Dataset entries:
lemma trust_region_multiplier_exists:
  fixes H :: "real^'n^'n"
  assumes sym: "transpose H = H" and "\<gamma> > 0"
  shows "\<exists>l x. LG_feasible H g \<gamma> l x \<and> (\<forall>d. 0 \<le> d \<bullet> ((H - l *\<^sub>R mat 1) *v d))"
proof -
  let ?q = "trust_region_objective H g"
  have "continuous_on (sphere 0 \<gamma>) ?q"
    unfolding trust_region_objective_def
    by (intro continuous_intros linear_continuous_on matrix_vector_mul_bounded_linear) auto
  moreover have "sphere (0::real^'n) \<gamma> \<noteq> {}" using \<open>\<gamma> > 0\<close> by simp
  ultimately obtain x where x: "x \<in> sphere 0 \<gamma>" and min: "\<And>y. y \<in> sphere 0 \<gamma> \<Longrightarrow> ?q x \<le> ?q y"
    using continuous_attains_inf[OF compact_sphere] by metis
  have "norm x = \<gamma>" "x \<noteq> 0" using x \<open>\<gamma> > 0\<close> by auto
  have deriv: "(?q has_derivative (\<lambda>h. 2 * ((H *v x) \<bullet> h) / 2 + g \<bullet> h)) (at x)"
    unfolding trust_region_objective_def
    by (intro has_derivative_add has_derivative_inner_right has_derivative_ident
        bounded_linear.has_derivative[OF bounded_linear_divide quadratic_form_has_derivative[OF sym]])
  have "(H *v x + g) \<bullet> w = 0" if "w \<bullet> x = 0" for w
    using has_derivative_min_on_sphere[OF \<open>x \<noteq> 0\<close> deriv _ that] min \<open>norm x = \<gamma>\<close>
    by (simp add: inner_add_left)
  then obtain l where "H *v x + g = l *\<^sub>R x"
    using parallel_if_orthogonal_complement[OF \<open>x \<noteq> 0\<close>] by blast
  then have shift: "(H - l *\<^sub>R mat 1) *v x = - g"
    unfolding matrix_vector_mult_shift by (simp add: algebra_simps)
  then have "LG_feasible H g \<gamma> l x" using \<open>norm x = \<gamma>\<close> by (simp add: LG_feasible_def)
  moreover have "0 \<le> d \<bullet> ((H - l *\<^sub>R mat 1) *v d)" for d
    using trust_region_min_shift_psd[OF sym \<open>x \<noteq> 0\<close> shift] min \<open>norm x = \<gamma>\<close> by simp
  ultimately show ?thesis by blast
qed

section \<open>The Moore-Penrose inverse\<close>

lemma orthogonal_projection_matrix_exists:
  fixes S :: "(real^'n) set"
  assumes "subspace S"
  obtains P :: "real^'n^'n"
  where "transpose P = P" and "\<And>y. P *v y \<in> S" and "\<And>z. z \<in> S \<Longrightarrow> P *v z = z"
proof -
  obtain B where "pairwise orthogonal B" "span B = S"
    using orthogonal_basis_subspace[OF assms] by metis
  define f where "f y = (\<Sum>b\<in>B. (b \<bullet> y / (b \<bullet> b)) *\<^sub>R b)" for y :: "real^'n"
  have "linear f"
    by (rule linearI)
      (simp_all add: f_def inner_add_right add_divide_distrib scaleR_add_left sum.distrib
        scaleR_sum_right)
  then have P: "matrix f *v y = f y" for y by (simp add: matrix_works)
  have "transpose (matrix f) = matrix f"
    by (rule symmetric_matrixI)
      (simp add: P f_def inner_sum_left inner_sum_right inner_commute mult.commute)
  moreover have "matrix f *v y \<in> S" for y
    using \<open>span B = S\<close> by (auto simp: P f_def intro: span_sum span_mul span_base)
  moreover have "matrix f *v z = z" if "z \<in> S" for z
  proof -
    have "z - f z \<in> span B"
      using \<open>span B = S\<close> \<open>subspace S\<close> that \<open>\<And>y. matrix f *v y \<in> S\<close>
      by (simp add: P subspace_diff)
    then have "orthogonal (z - f z) (z - f z)"
      using Gram_Schmidt_step[OF \<open>pairwise orthogonal B\<close>] by (simp add: f_def)
    then show ?thesis by (simp add: P orthogonal_self)
  qed
  ultimately show ?thesis using that by blast
qed
theorem mainTheorem4:
  fixes m :: "nat \<Rightarrow> nat" and q p :: "nat \<Rightarrow> nat \<Rightarrow> real"
    and n :: nat and c :: "nat \<Rightarrow> nat"
  assumes q_pos: "\<And>k i. k \<ge> 1 \<Longrightarrow> i \<le> m k \<Longrightarrow> q i k > 0"
    and q_sum: "\<And>k. k \<ge> 1 \<Longrightarrow> (\<Sum>i\<le>m k. q i k) = 1"
    and q_prod: "\<And>d. admissible m d \<Longrightarrow> (\<lambda>N. \<Prod>k\<in>{1..N}. q (d k) k) \<longlonglongrightarrow> 0"
    and p_bound: "\<And>k i. k \<ge> 1 \<Longrightarrow> i \<le> m k \<Longrightarrow> -1 < p i k \<and> p i k < 1"
    and p_sum: "\<And>k. k \<ge> 1 \<Longrightarrow> (\<Sum>i\<le>m k. p i k) = 1"
    and p_prod: "\<And>d. admissible m d \<Longrightarrow> (\<lambda>N. \<Prod>k\<in>{1..N}. \<bar>p (d k) k\<bar>) \<longlonglongrightarrow> 0"
    and p_partial: "\<And>k c'. k \<ge> 1 \<Longrightarrow> 1 \<le> c' \<Longrightarrow> c' \<le> m k \<Longrightarrow>
                        0 < (\<Sum>i<c'. p i k) \<and> (\<Sum>i<c'. p i k) < 1"
    and n_pos: "n \<ge> 1"
    and c_digits: "\<And>j. 1 \<le> j \<Longrightarrow> j \<le> n \<Longrightarrow> c j \<le> m j"
  shows "muF m q p n c = (\<Prod>j\<in>{1..n}. ptilde m p (c j) j)"
proof -
  interpret nega_QP m q p
    by unfold_locales (use q_pos q_sum p_sum p_prod in auto)
  define eA where "eA = negaDigits m (cylA m n c)"
  define eB where "eB = negaDigits m (cylB m n c)"
  have A: "admissible m (cylA m n c)" and B: "admissible m (cylB m n c)"
    using c_digits by (auto simp: admissible_def cylA_def cylB_def)
  have "P_prefix_sum eA n = P_prefix_sum eB n \<and> P_prefix_prod eA n = P_prefix_prod eB n"
    by (rule P_prefix_cong) (simp add: eA_def eB_def negaDigits_def cylA_def cylB_def)
  moreover have "P_prefix_prod eA n = (\<Prod>j\<in>{1..n}. ptilde m p (c j) j)"
    unfolding P_prefix_prod_def
    by (rule prod.cong) (auto simp: eA_def negaDigits_def cylA_def ptilde_def)
  moreover have "Ffun m q p (negaQ m q (cylA m n c)) = P_prefix_sum eA n"
    and "Ffun m q p (negaQ m q (cylB m n c)) = P_prefix_sum eB n + P_prefix_prod eB n"
    if "odd n"
    using Ffun_negaQ_zero_tail[OF A] Ffun_negaQ_max_tail[OF B] that
      negaDigits_cylA_tail negaDigits_cylB_tail by (simp_all add: eA_def eB_def)
  moreover have "Ffun m q p (negaQ m q (cylA m n c)) = P_prefix_sum eA n + P_prefix_prod eA n"
    and "Ffun m q p (negaQ m q (cylB m n c)) = P_prefix_sum eB n"
    if "even n"
    using Ffun_negaQ_max_tail[OF A] Ffun_negaQ_zero_tail[OF B] that
      negaDigits_cylA_tail negaDigits_cylB_tail by (simp_all add: eA_def eB_def)
  ultimately show ?thesis
    by (simp add: muF_def Let_def)
qed

end
(* Let $X$ be any one of the random Fibonacci subshift $X_{\vartheta_1}$, the random tribonacci subshift $X_\tau$, or the degree-$m$ random metallic mean subshift $X_{\vartheta_m}$ ($m\ge2$). Then $X$ is semi-mixing with respect to the set $\mathcal{S}=\{a\}$ of length-one words.
   Context: For a random substitution $\vartheta$ (a map assigning to each letter a non-empty finite set of non-empty words, extended to words via set concatenation $\vartheta(w_1\cdots w_k)=\vartheta(w_1)\cdots\vartheta(w_k)$), a word is $\vartheta$-legal if it is a subword of some word in $\vartheta^k(a)$ for some $k\ge0$ and letter $a$. $X_\vartheta$ is the set of bi-infinite sequences all of whose finite subwords are $\vartheta$-legal; $\mathcal{L}$ is its language (set of finite subwords of its elements), $\mathcal{L}^\ell$ those of length $\ell$. A subshift is semi-mixing with respect to $\mathcal{S}\subsetneq\mathcal{L}^\ell$ if for every $w\in\mathcal{L}$ there is $N$ such that for every $n\ge N$ there exist a word $u$ of length $n$ and $s\in\mathcal{S}$ with $wus\in\mathcal{L}$. $\vartheta_1\colon a\mapsto\{ab,ba\},\ b\mapsto\{a\}$; $\tau\colon a\mapsto\{ab,ba\},\ b\mapsto\{ac,ca\},\ c\mapsto\{a\}$; $\vartheta_m\colon a\mapsto\{a^iba^{m-i}\mid0\le i\le m\},\ b\mapsto\{a\}$. *)

theory Defs
  imports Main "HOL-Library.Sublist"
begin

fun subst_word :: "('a \<Rightarrow> 'a list set) \<Rightarrow> 'a list \<Rightarrow> 'a list set" where
  "subst_word \<theta> [] = {[]}"
| "subst_word \<theta> (x # xs) = {u @ v | u v. u \<in> \<theta> x \<and> v \<in> subst_word \<theta> xs}"

definition subst_set :: "('a \<Rightarrow> 'a list set) \<Rightarrow> 'a list set \<Rightarrow> 'a list set" where
  "subst_set \<theta> W = (\<Union>w\<in>W. subst_word \<theta> w)"

definition subst_iter :: "('a \<Rightarrow> 'a list set) \<Rightarrow> nat \<Rightarrow> 'a \<Rightarrow> 'a list set" where
  "subst_iter \<theta> k a = (subst_set \<theta> ^^ k) {[a]}"

definition legal :: "('a \<Rightarrow> 'a list set) \<Rightarrow> 'a list \<Rightarrow> bool" where
  "legal \<theta> w \<longleftrightarrow> (\<exists>k a. \<exists>v\<in>subst_iter \<theta> k a. sublist w v)"

definition factor :: "(int \<Rightarrow> 'a) \<Rightarrow> int \<Rightarrow> nat \<Rightarrow> 'a list" where
  "factor x i n = map (\<lambda>j. x (i + int j)) [0..<n]"

definition subshift :: "('a \<Rightarrow> 'a list set) \<Rightarrow> (int \<Rightarrow> 'a) set" where
  "subshift \<theta> = {x. \<forall>i n. legal \<theta> (factor x i n)}"

definition lang :: "(int \<Rightarrow> 'a) set \<Rightarrow> 'a list set" where
  "lang X = {w. \<exists>x\<in>X. \<exists>i. w = factor x i (length w)}"
(* Let $f,\lambda,\alpha,\beta>0$ be reals and let $G$ be a finite graph with at least one vertex, of maximum degree $\Delta\ge1$, in which the subgraph induced by the neighbourhood of every vertex has at most $\Delta^2/f$ edges. Let $\mathbf{I}$ be an independent set drawn from the hard-core model at fugacity $\lambda$ on $G$. Then for every $v\in V(G)$, \[ \alpha \Pr(v\in\mathbf{I}) + \beta\,\mathbb{E}|N(v)\cap \mathbf{I}| \ge \frac{\lambda}{1+\lambda}\min_{z\ge0}\left(\alpha(1+\lambda)^{-z} + \beta z(1+\lambda)^{-\frac{2\Delta^2}{fz}}\right)\,. \] Moreover, \[ \frac{1}{|V(G)|}\mathbb{E}|\mathbf{I}| \ge \min_{z>0}\max\left\{\frac{\lambda}{1+\lambda}(1+\lambda)^{-z},\ \frac{\lambda}{1+\lambda}\frac{z}{\Delta}(1+\lambda)^{-\frac{2\Delta^2}{fz}}\right\}\,. \]
   Context: For a graph $G$ with set $\mathcal{I}(G)$ of independent sets (including the empty set) and $\lambda>0$, the hard-core model on $G$ at fugacity $\lambda$ is the probability distribution on $\mathcal{I}(G)$ with $\Pr(\mathbf{I}=I)=\lambda^{|I|}/Z_G(\lambda)$, where $Z_G(\lambda)=\sum_{I\in\mathcal{I}(G)}\lambda^{|I|}$. In the first inequality, the term $z(1+\lambda)^{-2\Delta^2/(fz)}$ at $z=0$ is interpreted as its limit $0$. *)

theory Defs
  imports Complex_Main
begin

definition fin_graph :: "'a set \<Rightarrow> ('a \<Rightarrow> 'a \<Rightarrow> bool) \<Rightarrow> bool" where
  "fin_graph V E \<longleftrightarrow> finite V \<and> (\<forall>x y. E x y \<longrightarrow> x \<in> V \<and> y \<in> V)
     \<and> (\<forall>x y. E x y \<longrightarrow> E y x) \<and> (\<forall>x. \<not> E x x)"
definition quadratic_lie_algebra_on ::
  "'a::field elt set \<Rightarrow> ('a elt \<Rightarrow> 'a elt \<Rightarrow> 'a elt) \<Rightarrow> ('a elt \<Rightarrow> 'a elt \<Rightarrow> 'a) \<Rightarrow> bool" where
  "quadratic_lie_algebra_on V br f \<longleftrightarrow>
     lie_algebra_on V br
   \<and> (\<forall>x\<in>V. \<forall>y\<in>V. \<forall>z\<in>V. f (x + y) z = f x z + f y z)
   \<and> (\<forall>c. \<forall>x\<in>V. \<forall>y\<in>V. f (scal c x) y = c * f x y)
   \<and> (\<forall>x\<in>V. \<forall>y\<in>V. f x y = f y x)
   \<and> (\<forall>x\<in>V. (\<forall>y\<in>V. f x y = 0) \<longrightarrow> x = 0)
   \<and> (\<forall>x\<in>V. \<forall>y\<in>V. \<forall>z\<in>V. f (br x y) z + f y (br x z) = 0)"

text \<open>D_{ijk}: sign of the sorting permutation times f_{r-1}(d_{r-1}(b_p), b_q),
  where p<q<r is the increasing rearrangement of i,j,k.\<close>
definition Dc :: "(nat \<Rightarrow> 'a::field elt \<Rightarrow> 'a elt) \<Rightarrow> nat \<Rightarrow> nat \<Rightarrow> nat \<Rightarrow> 'a" where
  "Dc d i j k =
    (if i = j \<or> j = k \<or> i = k then 0
     else (let p = min i (min j k); r = max i (max j k); q = i + j + k - p - r;
               inv = (if j < i then 1 else 0) + (if k < i then 1 else 0) + (if k < j then 1 else 0) :: nat
           in (-1) ^ inv * fk (r - 1) (d (r - 1) (bvec (B p))) (bvec (B q))))"

end

(* Under (2SP) every d_k maps A_k into A_{k,2} and kills A_{k,2}, so unrolling the recursive
   definition of the bracket gives [x,y] = sum_{p,q,r} x_p y_q D_{pqr} b_r^*, where x_p is the
   b_p-coordinate of x. Skew-symmetry of the d_k makes D totally antisymmetric, and everything is
   read off this formula: brackets lie in A_{n,2}, which is central, so A_n is 2-step nilpotent;
   f_n([x,y],z) = sum x_p y_q z_r D_{pqr} gives invariance; and (NNP) produces a nonzero D_{pqr},
   whose three indices must be distinct, so n >= 3.
   For (b): the centre contains A_{n,2}, and the derived algebra is spanned by the [b_i,b_j] with
   j < i. By invariance a central element is f_n-orthogonal to every bracket, hence to A_{n,2} when
   the [b_i,b_j] span it, and so has no b-coordinates. *)

theory Submission
  imports Defs HOL.Modules
begin

lemma sum_apply: "(\<Sum>u\<in>F. g u) x = (\<Sum>u\<in>F. g u x)"
  by (induction F rule: infinite_finite_induct) auto

lemma scal_apply [simp]: "scal c x i = c * x i"
  by (simp add: scal_def)

interpretation elt: module "scal :: 'a::field \<Rightarrow> 'a elt \<Rightarrow> 'a elt"
  by unfold_locales (simp_all add: scal_def fun_eq_iff algebra_simps)

lemma bvec_apply [simp]: "bvec j i = (if i = j then 1 else 0)"
  by (simp add: bvec_def)

lemma restr_apply [simp]:
  "restr k x (B m) = (if 1 \<le> m \<and> m \<le> k then x (B m) else 0)"
  "restr k x (S m) = (if 1 \<le> m \<and> m \<le> k then x (S m) else 0)"
  by (simp_all add: restr_def)

lemma elt_eqI: "(\<And>m. x (B m) = y (B m)) \<Longrightarrow> (\<And>m. x (S m) = y (S m)) \<Longrightarrow> x = y"
  by (rule ext) (metis bidx.exhaust)

lemma sum_delta_mult:
  "finite A \<Longrightarrow> (\<Sum>p\<in>A. (if p = i then 1 else 0) * f p) = (if i \<in> A then f i else (0::'a::semiring_1))"
  by (simp add: if_distrib[of "\<lambda>c. c * _"] cong: if_cong)

lemma sum_scal_bvec_apply [simp]:
  assumes "finite A"
  shows "(\<Sum>q\<in>A. scal (c q) (bvec (B q))) (B m) = (if m \<in> A then c m else 0)"
    and "(\<Sum>q\<in>A. scal (c q) (bvec (B q))) (S m) = 0"
    and "(\<Sum>q\<in>A. scal (c q) (bvec (S q))) (S m) = (if m \<in> A then c m else 0)"
    and "(\<Sum>q\<in>A. scal (c q) (bvec (S q))) (B m) = 0"
  using assms by (simp_all add: sum_apply if_distrib[of "times (c _)"] cong: if_cong)

lemma sum_square_Suc:
  "(\<Sum>p=1..Suc k. \<Sum>q=1..Suc k. f p q) = (\<Sum>p=1..k. \<Sum>q=1..k. f p q)
     + (\<Sum>q=1..k. f (Suc k) q) + (\<Sum>p=1..k. f p (Suc k)) + (f (Suc k) (Suc k) :: 'a::comm_monoid_add)"
  by (simp add: sum.distrib add.assoc)

lemma sum_sum_antisym:
  fixes c :: "'i \<Rightarrow> 'i \<Rightarrow> 'a::comm_ring"
  assumes "\<And>p q. c q p = - c p q"
  shows "(\<Sum>p\<in>A. \<Sum>q\<in>A. a p * b q * c p q) = - (\<Sum>p\<in>A. \<Sum>q\<in>A. b p * a q * c p q)"
proof -
  have "(\<Sum>p\<in>A. \<Sum>q\<in>A. a p * b q * c p q) = (\<Sum>q\<in>A. \<Sum>p\<in>A. a p * b q * c p q)"
    by (rule sum.swap)
  also have "\<dots> = - (\<Sum>q\<in>A. \<Sum>p\<in>A. b q * a p * c q p)"
  proof -
    have "a p * b q * c p q = - (b q * a p * c q p)" for p q
      by (subst assms) (simp add: mult_ac)
    then show ?thesis by (simp add: sum_negf)
  qed
  finally show ?thesis .
qed

lemma inA_zero [simp]: "inA k 0"
  and inA_add: "inA k x \<Longrightarrow> inA k y \<Longrightarrow> inA k (x + y)"
  and inA_diff: "inA k x \<Longrightarrow> inA k y \<Longrightarrow> inA k (x - y)"
  and inA_scal: "inA k x \<Longrightarrow> inA k (scal c x)"
  and inA_restr [simp]: "inA k (restr k x)"
  by (simp_all add: inA_def)

lemma subspace_inA: "elt.subspace {x. inA k x}"
  by (simp add: elt.subspace_def inA_add inA_scal)

lemma subspace_inA2: "elt.subspace {x. inA2 k x}"
  by (simp add: elt.subspace_def inA2_def inA_add inA_scal)

lemma inA_sum: "(\<And>i. i \<in> I \<Longrightarrow> inA k (g i)) \<Longrightarrow> inA k (\<Sum>i\<in>I. g i)"
  using elt.subspace_sum[OF subspace_inA, of I g] by simp

lemma inA_bvec [simp]:
  "inA k (bvec (B m)) \<longleftrightarrow> 1 \<le> m \<and> m \<le> k"
  "inA k (bvec (S m)) \<longleftrightarrow> 1 \<le> m \<and> m \<le> k"
  by (auto simp: inA_def)

lemma inA_outside:
  "inA k x \<Longrightarrow> \<not> (1 \<le> m \<and> m \<le> k) \<Longrightarrow> x (B m) = 0 \<and> x (S m) = 0"
  unfolding inA_def by (cases m) auto

lemma inA_0_eq_zero:
  assumes "inA 0 x"
  shows "x = 0"
proof
  fix t show "x t = 0 t"
    using inA_outside[OF assms] by (cases t) auto
qed

lemma inA2_imp_inA: "inA2 k x \<Longrightarrow> inA k x"
  by (simp add: inA2_def)

lemma Dc_swap12: "Dc d j i k = - Dc d i j k"
  by (auto simp: Dc_def Let_def min_def max_def)

lemma Dc_cycle: "Dc d j k i = Dc d i j k"
  by (auto simp: Dc_def Let_def min_def max_def)

lemma Dc_swap23: "Dc d i k j = - Dc d i j k"
  by (metis Dc_cycle Dc_swap12)
(* Let $\beta\in\mathbb{R}^n_{>}$ and $\theta\in\Theta^\beta$, with agents indexed so that $v_1(\theta_1)\ge v_2(\theta_2)\ge\dots\ge v_n(\theta_n)$ (and $v_{n+1}(\theta_{n+1}):=0$). Then every efficient Nash equilibrium of $\mathbf{1}$-GSP for $\theta$ yields revenue at least $$\frac12\left(R(\theta)-\sum_{j=1}^{k}(\beta_j-\beta_{j+1})\cdot v_{j+1}(\theta_{j+1})\right).$$
   Context: Sponsored search setting: agents $N=\{1,\dots,n\}$, slots $1,\dots,k$ with $k\le n$; an outcome assigns agents to distinct positions, position $j\le k$ meaning slot $j$, others getting nothing (value 0); utilities quasilinear. $\mathbb{R}^n_{>}$: vectors $\beta$ with $1=\beta_1>\dots>\beta_k>0$ and $\beta_j=0$ for $j>k$ (so $\beta_{k+1}=0$). $\Theta^\beta$: type profiles in which agent $i$ has $v_i(\theta_i)\ge0$ and values slot $j$ at $\beta_j v_i(\theta_i)$. VCG outcome for $\theta$: the assignment and Clarke payments of the VCG mechanism (bids on every slot, bid-maximizing assignment) under truthful bids; $R(\theta)$ is its revenue. $\mathbf{1}$-GSP: each agent submits a single $b_i\ge0$ used as its bid on every slot; agents are ranked by $b_i$ (ties arbitrary), the rank-$j$ agent ($j\le k$) gets slot $j$ and pays the $(j+1)$-st highest submitted value ($0$ if none). Revenue = sum of payments. A Nash equilibrium (complete information, for $\theta$) is a profile of submissions from which no agent gains strictly by unilateral deviation; it is efficient if its assignment maximizes $\sum_i$ (true value of agent $i$ for its assigned slot). *)

theory Defs
  imports Complex_Main
begin
(* Let $(Z_{1i},Z_{2i})$, $i=1,2,\dots$, be i.i.d. pairs where $Z_{1i}$ and $Z_{2i}$ are independent $N(0,1)$ random variables. Then almost surely, for all sufficiently large $n$, $$\sup_{\beta_0,\beta_1\in\mathbb R}\sum_{i=1}^n\mathbb 1\big(|Z_{2i}-\beta_0-\beta_1Z_{1i}|\le 1/4\big)\le n/4,$$ where $\mathbb 1(\cdot)$ is the indicator function. *)

theory Defs
  imports "HOL-Probability.Probability"
begin

end

theory Submission
  imports Defs
begin

text \<open>Every slab \<open>\<bar>y - \<beta>0 - \<beta>1 x\<bar> \<le> 1/4\<close> lies in one of finitely many regions, each the
  complement of the square \<open>[-20, 20]\<^sup>2\<close> joined with a slightly wider slab of slope at most 1
  (for \<open>\<bar>\<beta>1\<bar> > 1\<close> the roles of \<open>x\<close> and \<open>y\<close> are exchanged). Under two independent standard normals
  each region has probability at most 0.24: Chebyshev bounds the complement of the square by
  \<open>2/400\<close>, and integrating out the other coordinate bounds the slab of half-width \<open>w\<close> by
  \<open>2w/\<surd>(2\<pi>)\<close>, the maximum of the normal density times the width. By Hoeffding's inequality and
  Borel-Cantelli, almost surely the empirical frequency of each of the finitely many regions,
  hence of every slab, eventually stays below 1/4.\<close>

lemma (in prob_space) indep_var_swap:
  assumes "indep_var S X T Y"
  shows "indep_var T Y S X"
  using assms unfolding indep_var_eq indep_sets2_eq
  by (metis (no_types, lifting) Int_commute mult.commute)

lemma (in prob_space) indep_var_of_indep_vars:
  assumes ind: "indep_vars (\<lambda>_. N) X I" and "k \<in> I" "l \<in> I" "k \<noteq> l"
  shows "indep_var N (X k) N (X l)"
proof -
  have "indep_var (PiM {k} (\<lambda>_. N)) (\<lambda>\<omega>. restrict (\<lambda>i. X i \<omega>) {k})
                  (PiM {l} (\<lambda>_. N)) (\<lambda>\<omega>. restrict (\<lambda>i. X i \<omega>) {l})"
    using assms by (intro indep_var_restrict) auto
  then have "indep_var N ((\<lambda>r. r k) \<circ> (\<lambda>\<omega>. restrict (\<lambda>i. X i \<omega>) {k}))
                       N ((\<lambda>r. r l) \<circ> (\<lambda>\<omega>. restrict (\<lambda>i. X i \<omega>) {l}))"
    by (rule indep_var_compose) (auto intro!: measurable_component_singleton)
  then show ?thesis by (simp add: comp_def)
qed

lemma (in prob_space) indep_vars_pairs:
  assumes ind: "indep_vars (\<lambda>_. N) X (UNIV :: (bool \<times> 'i) set)"
  shows "indep_vars (\<lambda>_. N \<Otimes>\<^sub>M N) (\<lambda>i \<omega>. (X (False, i) \<omega>, X (True, i) \<omega>)) UNIV"
proof -
  define K where "K i = {(False, i), (True, i)}" for i :: 'i
  have "indep_vars (\<lambda>i. PiM (K i) (\<lambda>_. N)) (\<lambda>i \<omega>. restrict (\<lambda>k. X k \<omega>) (K i)) UNIV"
    using ind by (rule indep_vars_restrict) (auto simp: K_def disjoint_family_on_def)
  then have "indep_vars (\<lambda>_. N \<Otimes>\<^sub>M N)
      (\<lambda>i \<omega>. (\<lambda>r. (r (False, i), r (True, i))) (restrict (\<lambda>k. X k \<omega>) (K i))) UNIV"
    by (rule indep_vars_compose2)
       (auto simp: K_def intro!: measurable_Pair measurable_component_singleton)
  then show ?thesis by (simp add: K_def)
qed

lemma (in prob_space) AE_eventually_sum_le:
  fixes X :: "nat \<Rightarrow> 'a \<Rightarrow> real"
  assumes indep: "indep_vars (\<lambda>_. borel) X UNIV"
    and bounded: "\<And>i x. x \<in> space M \<Longrightarrow> X i x \<in> {0..1}"
    and expectation: "\<And>i. expectation (X i) \<le> p" and "p < q"
  shows "AE x in M. eventually (\<lambda>n. (\<Sum>i<n. X i x) \<le> real n * q) sequentially"
proof -
  define e where "e = q - p"
  have "e > 0" using \<open>p < q\<close> by (simp add: e_def)
  have [measurable]: "X i \<in> borel_measurable M" for i
    using indep unfolding indep_vars_def by auto
  define A where "A n = {x\<in>space M. (\<Sum>i<n. X i x) > real n * q}" for n
  have [measurable]: "A n \<in> sets M" for n unfolding A_def by measurable
  have bound: "prob (A n) \<le> exp (-2 * e\<^sup>2) ^ n" for n
  proof (cases "n = 0")
    case True
    then show ?thesis by (simp add: A_def)
  next
    case False
    interpret Hoeffding_ineq M "{..<n}" X "\<lambda>_. 0" "\<lambda>_. 1" "\<Sum>i<n. expectation (X i)"
    proof unfold_locales
      show "indep_vars (\<lambda>_. borel) X {..<n}" using indep by (rule indep_vars_subset) auto
      show "AE x in M. X i x \<in> {0..1}" for i using bounded by auto
    qed auto
    have "(\<Sum>i<n. expectation (X i)) \<le> real n * p"
      using sum_mono[of "{..<n}" "\<lambda>i. expectation (X i)" "\<lambda>_. p"] expectation by auto
    then have "A n \<subseteq> {x\<in>space M. (\<Sum>i<n. X i x) \<ge> (\<Sum>i<n. expectation (X i)) + real n * e}"
      by (auto simp: A_def e_def algebra_simps)
    then have "prob (A n) \<le> prob {x\<in>space M. (\<Sum>i<n. X i x) \<ge> (\<Sum>i<n. expectation (X i)) + real n * e}"
      by (intro finite_measure_mono) measurable
    also have "\<dots> \<le> exp (-2 * (real n * e)\<^sup>2 / (\<Sum>i<n. (1 - 0)\<^sup>2))"
      using \<open>e > 0\<close> False by (intro Hoeffding_ineq_ge) auto
    also have "\<dots> = exp (real n * (-2 * e\<^sup>2))"
      using False by (simp add: power2_eq_square field_simps)
    also have "\<dots> = exp (-2 * e\<^sup>2) ^ n"
      by (rule exp_of_nat_mult)
    finally show ?thesis .
  qed
  have "summable (\<lambda>n. exp (-2 * e\<^sup>2) ^ n)"
    using \<open>e > 0\<close> by (intro summable_geometric) simp
  then have "summable (\<lambda>n. prob (A n))"
    by (rule summable_comparison_test'[where N=0]) (use bound in auto)
  then have "AE x in M. eventually (\<lambda>n. x \<in> space M - A n) sequentially"
    by (intro borel_cantelli_AE1) (auto simp: emeasure_eq_measure)
  then show ?thesis
    by (rule AE_mp) (auto intro!: AE_I2 elim!: eventually_mono simp: A_def)
qed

Exercise brief: Within the data above, the lines from the one with "imports Defs HOL.Modules" to the one with "(\<Sum>q=1..k. f (Suc" must be repeated exactly; no other line belongs in the answer.

Output for this task:
  imports Defs HOL.Modules
begin

lemma sum_apply: "(\<Sum>u\<in>F. g u) x = (\<Sum>u\<in>F. g u x)"
  by (induction F rule: infinite_finite_induct) auto

lemma scal_apply [simp]: "scal c x i = c * x i"
  by (simp add: scal_def)

interpretation elt: module "scal :: 'a::field \<Rightarrow> 'a elt \<Rightarrow> 'a elt"
  by unfold_locales (simp_all add: scal_def fun_eq_iff algebra_simps)

lemma bvec_apply [simp]: "bvec j i = (if i = j then 1 else 0)"
  by (simp add: bvec_def)

lemma restr_apply [simp]:
  "restr k x (B m) = (if 1 \<le> m \<and> m \<le> k then x (B m) else 0)"
  "restr k x (S m) = (if 1 \<le> m \<and> m \<le> k then x (S m) else 0)"
  by (simp_all add: restr_def)

lemma elt_eqI: "(\<And>m. x (B m) = y (B m)) \<Longrightarrow> (\<And>m. x (S m) = y (S m)) \<Longrightarrow> x = y"
  by (rule ext) (metis bidx.exhaust)

lemma sum_delta_mult:
  "finite A \<Longrightarrow> (\<Sum>p\<in>A. (if p = i then 1 else 0) * f p) = (if i \<in> A then f i else (0::'a::semiring_1))"
  by (simp add: if_distrib[of "\<lambda>c. c * _"] cong: if_cong)

lemma sum_scal_bvec_apply [simp]:
  assumes "finite A"
  shows "(\<Sum>q\<in>A. scal (c q) (bvec (B q))) (B m) = (if m \<in> A then c m else 0)"
    and "(\<Sum>q\<in>A. scal (c q) (bvec (B q))) (S m) = 0"
    and "(\<Sum>q\<in>A. scal (c q) (bvec (S q))) (S m) = (if m \<in> A then c m else 0)"
    and "(\<Sum>q\<in>A. scal (c q) (bvec (S q))) (B m) = 0"
  using assms by (simp_all add: sum_apply if_distrib[of "times (c _)"] cong: if_cong)

lemma sum_square_Suc:
  "(\<Sum>p=1..Suc k. \<Sum>q=1..Suc k. f p q) = (\<Sum>p=1..k. \<Sum>q=1..k. f p q)
     + (\<Sum>q=1..k. f (Suc k) q) + (\<Sum>p=1..k. f p (Suc k)) + (f (Suc k) (Suc k) :: 'a::comm_monoid_add)"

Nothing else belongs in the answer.